DIRECTIONS FOR THIS TASK
Find the line with "here only because" in the entries below. Repeat it, every following line, and the line with "sigma_sets UNIV (sets", exactly and with nothing added.
──────── GIVEN INFORMATION
text \<open>\<open>meas_diff\<close> is built by \<open>measure_of\<close> from a difference of set functions; it is a measure
  here only because \<open>\<tau>\<^sup>m\<close> has a density at most \<open>1\<close> with respect to \<open>\<tau>\<close>.\<close>
lemma meas_diff_tau_trunc_eq_density:
  assumes m: "0 \<le> m"
  shows "meas_diff tau (tau_trunc tau tn m) = density tau (\<lambda>x. ennreal (1 - trunc_density tau tn m x))"
proof -
  let ?F = "density tau (\<lambda>x. ennreal (trunc_density tau tn m x))"
  let ?D = "density tau (\<lambda>x. ennreal (1 - trunc_density tau tn m x))"
  have "meas_diff tau (tau_trunc tau tn m) = measure_of UNIV (sets borel) (emeasure ?D)"
    unfolding meas_diff_def tau_trunc_eq_density[OF m]
  proof (rule measure_of_eq)
    fix A :: "real set" assume "A \<in> sigma_sets UNIV (sets borel)"
    then have A: "A \<in> sets tau" by (simp add: sets.sigma_sets_eq[of borel, simplified])
    have [measurable]: "trunc_density tau tn m \<in> borel_measurable tau"
      by (rule trunc_density_measurable[OF m])
    have one: "(\<lambda>x. ennreal (trunc_density tau tn m x) + ennreal (1 - trunc_density tau tn m x)) = (\<lambda>x. 1)"
      using trunc_density_nonneg[OF m] trunc_density_le_1[OF m] by (auto simp flip: ennreal_plus)
    have sum: "emeasure tau A = emeasure ?F A + emeasure ?D A"
      using emeasure_density_add[OF A, of "\<lambda>x. ennreal (trunc_density tau tn m x)"
          "\<lambda>x. ennreal (1 - trunc_density tau tn m x)"]
      by (simp only: one density_1) measurable
    have fin: "emeasure ?F A \<noteq> top"
      using emeasure_density_le[OF trunc_density_measurable[OF m] trunc_density_le_1[OF m], of A] A
      by (auto simp: emeasure_eq_measure top_unique)
    show "emeasure tau A - emeasure ?F A = emeasure ?D A"
      unfolding sum by (rule ennreal_add_diff_cancel_left[OF fin])
  qed auto
  also have "\<dots> = ?D"
    using measure_of_of_measure[of ?D] by simp
  finally show ?thesis .
qed

lemma finite_borel_measure_meas_diff_tau_trunc:
  "0 \<le> m \<Longrightarrow> finite_borel_measure (meas_diff tau (tau_trunc tau tn m))"
  unfolding meas_diff_tau_trunc_eq_density
  by (intro finite_borel_measure_density borel_measurable_diff borel_measurable_const
      trunc_density_measurable) (auto simp: trunc_density_nonneg)

lemma measure_meas_diff_tau_trunc_le:
  "0 \<le> m \<Longrightarrow> A \<in> sets borel \<Longrightarrow> measure (meas_diff tau (tau_trunc tau tn m)) A \<le> measure tau A"
  unfolding meas_diff_tau_trunc_eq_density
  by (intro measure_density_le borel_measurable_diff borel_measurable_const
      trunc_density_measurable) (auto simp: trunc_density_nonneg)

lemma measure_meas_diff_tau_trunc_full:
  "measure (meas_diff tau (tau_trunc tau tn (measure tau {tn..tn1}))) {tn..tn1} = 0"
proof -
  define M where "M = measure tau {tn..tn1}"
  have M: "0 \<le> M" "M \<le> measure tau {tn..}"
    unfolding M_def by (auto intro: finite_measure_mono)
  have "measure (meas_diff tau (tau_trunc tau tn M)) {tn..tn1}
      = (\<integral>x. (1 - trunc_density tau tn M x) * indicator {tn..tn1} x \<partial>tau)"
  proof -
    have [measurable]: "trunc_density tau tn M \<in> borel_measurable tau"
      by (rule trunc_density_measurable[OF M(1)])
    have "0 \<le> trunc_density tau tn M x" "trunc_density tau tn M x \<le> 1" for x
      by (simp_all add: trunc_density_nonneg[OF M(1)] trunc_density_le_1[OF M(1)])
    then show ?thesis
      unfolding meas_diff_tau_trunc_eq_density[OF M(1)] by (intro measure_density_eq_integral) auto
  qed
  also have "\<dots> = M - (\<integral>x. trunc_density tau tn M x * indicator {tn..tn1} x \<partial>tau)"
  proof -
    have "integrable tau (indicator {tn..tn1} :: real \<Rightarrow> real)"
      by (intro integrable_real_indicator) (auto simp: emeasure_eq_measure)
    moreover have "integrable tau (\<lambda>x. trunc_density tau tn M x * indicator {tn..tn1} x)"
      by (intro integrable_mult_bounded integrable_trunc_density M(1) borel_measurable_indicator)
        (auto simp: indicator_def)
    ultimately show ?thesis
      by (simp add: left_diff_distrib Bochner_Integration.integral_diff M_def)
  qed
  also have "(\<integral>x. trunc_density tau tn M x * indicator {tn..tn1} x \<partial>tau) = M"
  proof -
    have "(\<integral>x. trunc_density tau tn M x * indicator {tn..tn1} x \<partial>tau) = (\<integral>x. trunc_density tau tn M x \<partial>tau)"
    proof (rule integral_cong_AE)
      show "(\<lambda>x. trunc_density tau tn M x * indicator {tn..tn1} x) \<in> borel_measurable tau"
        "trunc_density tau tn M \<in> borel_measurable tau"
        using M(1) by (auto intro!: borel_measurable_times borel_measurable_indicator trunc_density_measurable)
      have "M \<le> measure tau {tn..tn1}" by (simp add: M_def)
      from trunc_density_vanishes_outside[OF M(1) this]
      show "AE x in tau. trunc_density tau tn M x * indicator {tn..tn1} x = trunc_density tau tn M x"
        by eventually_elim (auto simp: indicator_def)
    qed
    also have "\<dots> = M" using integral_trunc_density M by blast
    finally show ?thesis .
  qed
  finally show ?thesis by (simp add: M_def)
qed

end

context
  fixes tn tn1 :: real and a :: "real \<Rightarrow> real"
  assumes a_borel [measurable]: "a \<in> borel_measurable borel"
    and a_unit: "\<And>x. x \<in> {tn..tn1} \<Longrightarrow> 0 \<le> a x \<and> a x \<le> 1"
begin

private definition cutoff :: "real \<Rightarrow> real" where
  "cutoff x = a x * indicator {tn..tn1} x"

private lemma cutoff_measurable [measurable]: "cutoff \<in> borel_measurable tau"
  unfolding cutoff_def by (intro borel_measurable_tau) measurable

private lemma cutoff_unit: "0 \<le> cutoff x" "cutoff x \<le> 1"
  using a_unit[of x] by (auto simp: cutoff_def indicator_def)

private lemma integral_tau_trunc:
  assumes m: "0 \<le> m" and mM: "m \<le> measure tau {tn..tn1}"
  shows "(\<integral>x. a x \<partial>tau_trunc tau tn m) = (\<integral>x. trunc_density tau tn m x * cutoff x \<partial>tau)"
proof -
  have "(\<integral>x. a x \<partial>tau_trunc tau tn m) = (\<integral>x. trunc_density tau tn m x *\<^sub>R a x \<partial>tau)"
    unfolding tau_trunc_eq_density[OF m] using trunc_density_nonneg[OF m]
    by (intro integral_density trunc_density_measurable[OF m] borel_measurable_tau) auto
  also have "\<dots> = (\<integral>x. trunc_density tau tn m x * cutoff x \<partial>tau)"
  proof (rule integral_cong_AE)
    have [measurable]: "trunc_density tau tn m \<in> borel_measurable tau" "a \<in> borel_measurable tau"
      by (simp_all add: trunc_density_measurable[OF m] borel_measurable_tau)
    show "(\<lambda>x. trunc_density tau tn m x *\<^sub>R a x) \<in> borel_measurable tau"
      "(\<lambda>x. trunc_density tau tn m x * cutoff x) \<in> borel_measurable tau"
      by measurable
    show "AE x in tau. trunc_density tau tn m x *\<^sub>R a x = trunc_density tau tn m x * cutoff x"
      using trunc_density_vanishes_outside[OF m mM] by eventually_elim (auto simp: cutoff_def)
  qed
  finally show ?thesis .
qed

lemma integral_tau_trunc_increment:
  assumes m: "0 \<le> m" and mm: "m \<le> m'" and mM: "m' \<le> measure tau {tn..tn1}"
  shows "(\<integral>x. a x \<partial>tau_trunc tau tn m) \<le> (\<integral>x. a x \<partial>tau_trunc tau tn m')"
    and "(\<integral>x. a x \<partial>tau_trunc tau tn m') - (\<integral>x. a x \<partial>tau_trunc tau tn m) \<le> m' - m"
proof -
  have m': "0 \<le> m'" using m mm by simp
  let ?g = "\<lambda>x. trunc_density tau tn m' x - trunc_density tau tn m x"
  have int_g: "integrable tau ?g"
    using integrable_trunc_density[OF m] integrable_trunc_density[OF m'] by simp
  have "(\<integral>x. a x \<partial>tau_trunc tau tn m') - (\<integral>x. a x \<partial>tau_trunc tau tn m) = (\<integral>x. ?g x * cutoff x \<partial>tau)"
    using m mm mM cutoff_unit
    by (simp add: integral_tau_trunc left_diff_distrib Bochner_Integration.integral_diff
        integrable_mult_bounded integrable_trunc_density)
  moreover have "(\<integral>x. ?g x \<partial>tau) = m' - m"
  proof -
    have "measure tau {tn..tn1} \<le> measure tau {tn..}"
      by (intro finite_measure_mono) auto
    then show ?thesis
      using m mm mM
      by (simp add: Bochner_Integration.integral_diff integrable_trunc_density integral_trunc_density)
  qed
  moreover note integral_mult_unit_interval_bounds[OF int_g cutoff_measurable _ cutoff_unit]
  ultimately show "(\<integral>x. a x \<partial>tau_trunc tau tn m) \<le> (\<integral>x. a x \<partial>tau_trunc tau tn m')"
    and "(\<integral>x. a x \<partial>tau_trunc tau tn m') - (\<integral>x. a x \<partial>tau_trunc tau tn m) \<le> m' - m"
    using trunc_density_mono[OF m mm] by auto
qed

lemma integral_tau_trunc_0: "(\<integral>x. a x \<partial>tau_trunc tau tn 0) = 0"
proof -
  have int: "integrable tau (trunc_density tau tn 0)" and nonneg: "\<And>x. 0 \<le> trunc_density tau tn 0 x"
    by (simp_all add: integrable_trunc_density trunc_density_nonneg)
  have "(\<integral>x. trunc_density tau tn 0 x \<partial>tau) = 0"
    by (rule integral_trunc_density) auto
  moreover note integral_mult_unit_interval_bounds[OF int cutoff_measurable nonneg cutoff_unit]
  moreover have "(\<integral>x. a x \<partial>tau_trunc tau tn 0) = (\<integral>x. trunc_density tau tn 0 x * cutoff x \<partial>tau)"
    by (rule integral_tau_trunc) auto
  ultimately show ?thesis by linarith
qed

end

lemma transfer_step:
  fixes t1 tn tn1 q1 q2 :: real
  assumes t: "t1 \<le> tn" "tn < tn1" and q: "0 < q1" "0 < q2"
  defines "J1 \<equiv> \<lambda>m. \<integral>t. (tn1 - t) / (tn1 - t1) \<partial>tau_trunc tau tn m"
    and "J2 \<equiv> \<lambda>m. \<integral>t. (t - t1) / (tn1 - t1) \<partial>tau_trunc tau tn m"
    and "M \<equiv> measure tau {tn..tn1}"
  defines "Mm \<equiv> min (Sup {m. 0 \<le> m \<and> m \<le> M \<and> J1 m < q1}) (Sup {m. 0 \<le> m \<and> m \<le> M \<and> J2 m < q2})"
  shows "0 \<le> Mm" "J1 Mm \<le> q1" "J2 Mm \<le> q2"
    and "measure (meas_diff tau (tau_trunc tau tn Mm)) {tn..tn1} = 0 \<or> J1 Mm = q1 \<or> J2 Mm = q2"
proof -
  have "0 \<le> M" by (simp add: M_def)
  have weights: "0 \<le> (tn1 - x) / (tn1 - t1) \<and> (tn1 - x) / (tn1 - t1) \<le> 1"
      "0 \<le> (x - t1) / (tn1 - t1) \<and> (x - t1) / (tn1 - t1) \<le> 1" if "x \<in> {tn..tn1}" for x
    using that t by auto
  have borel: "(\<lambda>t. (tn1 - t) / (tn1 - t1)) \<in> borel_measurable borel"
      "(\<lambda>t. (t - t1) / (tn1 - t1)) \<in> borel_measurable borel"
    by simp_all
  have inc1: "J1 x \<le> J1 y" "J1 y - J1 x \<le> y - x" if "0 \<le> x" "x \<le> y" "y \<le> M" for x y
    using integral_tau_trunc_increment[OF borel(1) _ that[unfolded M_def]] weights(1)
    unfolding J1_def by auto
  have inc2: "J2 x \<le> J2 y" "J2 y - J2 x \<le> y - x" if "0 \<le> x" "x \<le> y" "y \<le> M" for x y
    using integral_tau_trunc_increment[OF borel(2) _ that[unfolded M_def]] weights(2)
    unfolding J2_def by auto
  have "J1 0 = 0"
    unfolding J1_def by (rule integral_tau_trunc_0[OF borel(1) weights(1)])
  moreover have "J2 0 = 0"
    unfolding J2_def by (rule integral_tau_trunc_0[OF borel(2) weights(2)])
  ultimately have "J1 0 < q1" "J2 0 < q2" using q by simp_all
  note S1 = Sup_strict_sublevel[OF \<open>0 \<le> M\<close> \<open>J1 0 < q1\<close> inc1(2), simplified]
  note S2 = Sup_strict_sublevel[OF \<open>0 \<le> M\<close> \<open>J2 0 < q2\<close> inc2(2), simplified]
  show Mm0: "0 \<le> Mm" unfolding Mm_def using S1(1) S2(1) by simp
  have "Mm \<le> Sup {m. 0 \<le> m \<and> m \<le> M \<and> J1 m < q1}" "Mm \<le> Sup {m. 0 \<le> m \<and> m \<le> M \<and> J2 m < q2}"
    by (simp_all add: Mm_def)
  then show "J1 Mm \<le> q1" "J2 Mm \<le> q2"
    using inc1(1)[OF Mm0 _ S1(2)] inc2(1)[OF Mm0 _ S2(2)] S1(3) S2(3) by force+
  show "measure (meas_diff tau (tau_trunc tau tn Mm)) {tn..tn1} = 0 \<or> J1 Mm = q1 \<or> J2 Mm = q2"
  proof (cases "Mm = M")
    case True
    then show ?thesis using measure_meas_diff_tau_trunc_full by (simp add: M_def)
  next
    case False
    then have "Mm < M" unfolding Mm_def using S1(2) S2(2) by linarith
    then show ?thesis unfolding Mm_def using S1(4) S2(4) by (auto simp: min_def)
  qed
qed

end

lemma seg_borel [measurable]: "seg ts k \<in> sets borel"
  unfolding seg_def by simp

lemma seg_cover:
  assumes "ts \<noteq> []" "x \<in> {ts ! 0 .. last ts}"
  shows "\<exists>k<length ts. (1 < length ts \<longrightarrow> Suc k < length ts) \<and> x \<in> seg ts k"
proof (cases "length ts = 1")
  case True
  then show ?thesis using assms by (auto simp: seg_def intro!: exI[of _ 0])
next
  case False
  with assms(1) have len: "1 < length ts" by (cases ts) auto
  define K where "K = {k. Suc k < length ts \<and> ts ! k \<le> x}"
  have fin: "finite K" unfolding K_def by (rule finite_subset[of _ "{..<length ts}"]) auto
  have "0 \<in> K" unfolding K_def using len assms(2) by auto
  then have "Max K \<in> K" using fin by (intro Max_in) auto
  then have k: "Suc (Max K) < length ts" "ts ! Max K \<le> x" unfolding K_def by auto
  have "x \<le> ts ! Suc (Max K)"
  proof (cases "Suc (Suc (Max K)) < length ts")
    case True
    have "Suc (Max K) \<notin> K" using Max_ge[OF fin, of "Suc (Max K)"] by auto
    with True show ?thesis unfolding K_def by auto
  next
    case False
    then have "Suc (Max K) = length ts - 1" using k(1) by simp
    then have "ts ! Suc (Max K) = last ts" using assms(1) by (simp add: last_conv_nth)
    then show ?thesis using assms(2) by simp
  qed
  with k len show ?thesis by (auto simp: seg_def intro!: exI[of _ "Max K"])
qed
────────────────
TASK SOLUTION
  here only because \<open>\<tau>\<^sup>m\<close> has a density at most \<open>1\<close> with respect to \<open>\<tau>\<close>.\<close>
lemma meas_diff_tau_trunc_eq_density:
  assumes m: "0 \<le> m"
  shows "meas_diff tau (tau_trunc tau tn m) = density tau (\<lambda>x. ennreal (1 - trunc_density tau tn m x))"
proof -
  let ?F = "density tau (\<lambda>x. ennreal (trunc_density tau tn m x))"
  let ?D = "density tau (\<lambda>x. ennreal (1 - trunc_density tau tn m x))"
  have "meas_diff tau (tau_trunc tau tn m) = measure_of UNIV (sets borel) (emeasure ?D)"
    unfolding meas_diff_def tau_trunc_eq_density[OF m]
  proof (rule measure_of_eq)
    fix A :: "real set" assume "A \<in> sigma_sets UNIV (sets borel)"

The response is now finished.